Retirement benefits from three sources


Q. I am a Border Patrol FERS employee (11 years) and Army National Guardsman (19 years) with prior active-duty military service. I have already purchased my active-duty time before federal employment (2½ years), as well as time from two deployments since my federal service (an additional two years).

I am now approaching my military reserve retirement (20 reserve years) and have confirmed that I will begin receiving my reserve pension at age 60. I have also confirmed that I can receive this retirement along with my FERS retirement. I plan to retire from Border Patrol at age 55. Will I be able to draw benefits from all three sources (FERS, NG and Social Security)? If so, how will my FERS or Social Security benefits be affected (if at all)? Thanks for any help you can provide.

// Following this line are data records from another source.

(* Fix $n\ge1$ and an integer $q$ with $1\le q\le n$. Let $S=S_{u,b}$ where $(u,b)$ is drawn uniformly from $(\{0,1\}^n\setminus\{0^n\})\times\{0,1\}$. Any classical (possibly randomized) algorithm that is given $q$ samples drawn uniformly from $S$ and outputs some $y\in\{0,1\}^n$ satisfies \[ \Pr[y\in\bar S]\le \frac12+\frac{1}{2\left(2^{\,n-q+1}-1\right)}, \] where the probability is over the choice of $S$, the samples and the internal randomness of the algorithm. In particular, for every such algorithm there is some $S\in\mathcal{F}_{\mathrm{BV}}$ on which its success probability is at most this bound.
   Context: For $u\in\{0,1\}^n\setminus\{0^n\}$ and $b\in\{0,1\}$, $S_{u,b}=\{x\in\{0,1\}^n : u\cdot x\equiv b\pmod 2\}$, $\mathcal{F}_{\mathrm{BV}}$ is the family of all such sets, and $\bar S=\{0,1\}^n\setminus S$. Success means outputting an element of the complement $\bar S$. *)

theory Defs
  imports "HOL-Probability.Probability"
begin

text \<open>The Boolean cube {0,1}^n, as bool lists of length n (True = 1).\<close>
definition cube :: "nat \<Rightarrow> bool list set" where
  "cube n = {x. length x = n}"

definition dotp :: "bool list \<Rightarrow> bool list \<Rightarrow> bool" where
  "dotp u x = odd (length (filter id (map2 (\<and>) u x)))"

definition BV_set :: "nat \<Rightarrow> bool list \<Rightarrow> bool \<Rightarrow> bool list set" where
  "BV_set n u b = {x \<in> cube n. dotp u x = b}"

text \<open>Success probability of a randomized algorithm A (samples \<Rightarrow> distribution of outputs)
  on a fixed set S_{u,b}: q i.i.d. uniform samples from S, then output y; success iff y in the
  complement of S.\<close>
definition success_on :: "nat \<Rightarrow> nat \<Rightarrow> (bool list list \<Rightarrow> bool list pmf) \<Rightarrow> bool list \<Rightarrow> bool \<Rightarrow> real" where
  "success_on n q A u b =
     measure_pmf.prob
       (bind_pmf (replicate_pmf q (pmf_of_set (BV_set n u b))) A)
       (cube n - BV_set n u b)"

definition success :: "nat \<Rightarrow> nat \<Rightarrow> (bool list list \<Rightarrow> bool list pmf) \<Rightarrow> real" where
  "success n q A =
     measure_pmf.prob
       (bind_pmf (pmf_of_set ((cube n - {replicate n False}) \<times> (UNIV :: bool set)))
          (\<lambda>(u, b). bind_pmf (replicate_pmf q (pmf_of_set (BV_set n u b)))
             (\<lambda>xs. map_pmf (\<lambda>y. y \<in> cube n - BV_set n u b) (A xs))))
       {True}"

end

theory Submission
  imports Defs
begin

text \<open>Encode a parameter (u, b) as the vector b # u in {0,1}^(n+1). A sample x lies in S_{u,b}
  iff b # u is orthogonal to True # x, so the parameters consistent with q samples are the nonzero
  vectors of a subspace N with |N| >= 2^(n-q+1). An output y escapes S_{u,b} iff
  (b # u) . (True # y) = 1, a linear condition holding on at most half of N. All S_{u,b} have
  size 2^(n-1), so given the samples the consistent parameters are equally likely, and the
  conditional success probability is at most (|N|/2) / (|N| - 1) <= 1/2 + 1/(2 (2^(n-q+1) - 1)).
  Averaging gives the bound, and some parameter does no better than the average.\<close>

lemma card_eq_card_if_involution:
  assumes "\<And>x. x \<in> C \<Longrightarrow> \<tau> x \<in> C" "\<And>x. x \<in> C \<Longrightarrow> \<tau> (\<tau> x) = x"
    and "\<And>x. x \<in> C \<Longrightarrow> P (\<tau> x) \<longleftrightarrow> \<not> P x"
  shows "card {x \<in> C. P x} = card {x \<in> C. \<not> P x}"
  by (rule bij_betw_same_card[of \<tau>], rule bij_betw_byWitness[of _ \<tau>]) (use assms in auto)

lemma card_filter_add_card_filter_not:
  "finite C \<Longrightarrow> card {x \<in> C. P x} + card {x \<in> C. \<not> P x} = card C"
  by (subst card_Un_disjoint[symmetric]) (auto intro: arg_cong[where f = card])

lemma sum_card_filter_swap:
  assumes "finite A" "finite B"
  shows "(\<Sum>a\<in>A. card {b \<in> B. R a b}) = (\<Sum>b\<in>B. card {a \<in> A. R a b})"
  using sum.swap_restrict[OF assms, of "\<lambda>_ _. 1 :: nat" R] by simp

lemma ex_le_of_sum_le:
  fixes f :: "'a \<Rightarrow> real" and c :: real
  assumes "finite A" "A \<noteq> {}" "sum f A \<le> c * card A"
  shows "\<exists>a\<in>A. f a \<le> c"
proof (rule ccontr)
  assume "\<not> (\<exists>a\<in>A. f a \<le> c)"
  then have "(\<Sum>a\<in>A. c) < sum f A"
    using assms(1,2) by (intro sum_strict_mono) auto
  then show False
    using assms(3) by (simp add: mult.commute)
qed

lemma le_half_bound:
  fixes c e M :: real
  assumes "2 \<le> M" "M \<le> c" "2 * e \<le> c"
  shows "e \<le> (1/2 + 1 / (2 * (M - 1))) * (c - 1)"
proof -
  have "1 \<le> (c - 1) / (M - 1)"
    using assms(1,2) by simp
  then have "1 / 2 \<le> (c - 1) / (M - 1) / 2"
    by (rule divide_right_mono) simp
  have "e \<le> (c - 1) / 2 + 1 / 2"
    using assms(3) by (simp add: field_simps)
  also have "\<dots> \<le> (c - 1) / 2 + (c - 1) / (M - 1) / 2"
    using \<open>1 / 2 \<le> (c - 1) / (M - 1) / 2\<close> by linarith
  also have "\<dots> = (1/2 + 1 / (2 * (M - 1))) * (c - 1)"
    using assms(1) by (simp add: field_simps)
  finally show ?thesis .
qed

A. You will be able to draw all three with no reduction in any. As a FERS employee, when you reach your minimum retirement age — which ranges between 55 and 57 depending on your year of birth — you also will receive the special retirement supplement, which approximates the amount of Social Security benefit you earned while a FERS employee. The SRS will end when you are eligible for a regular Social Security benefit.


About Author

Reg Jones was head of retirement and insurance policy at the Office of Personnel Management. Email your retirement-related questions to


  1. I am 37. I have been in the Navy 20 years. Just a FYI. I was an Independent Duty Corpsman with Marine Force Reconnaissance I have begun the hiring process with the United States Border Patrol. I am not sure what my options are. I am an E-8. Should I try and buy back my years in military, which should cost about $8000. Can I defer receipt of military retirement until I retire from the Border Patrol? I am also curious about the amount of buy-back. Is it based on my rate of E-8? Or on the total amount I made. Due to my billet and frequent deployments, I made twice what the base pay might be. I spent a lot of time at sea or in combat. I understand the”85 Rule.” Will that apply to my retirement age? Will I have to work at least 20 years with USBP, retire at 57 or even older? The only reason I have thought about deferring my military retirement is because of the benefits of being a military retiree.

    • If you are currently entitled to military retired pay, you can continue to receive it even while employed by the federal government. You would only need to waive that pay if you want to combine that service with your civilian service, and then only when you retire from your civilian job. Waiving your military retired pay would have no affect on your other earned benefits while in the military. Note: If you would be receiving reserve retired pay, you would only need to make a deposit to get credit for that time.

      There is no “85 Rule” in the federal government. You simply have to meet the age and service requirements to retire: 62 with 5 years of service, 60 with 20, or at your minimum retirement age with 30. You could also retire at your MRA with l0; however, you annuity would be reduced by 5 percent for every year you are under age 62.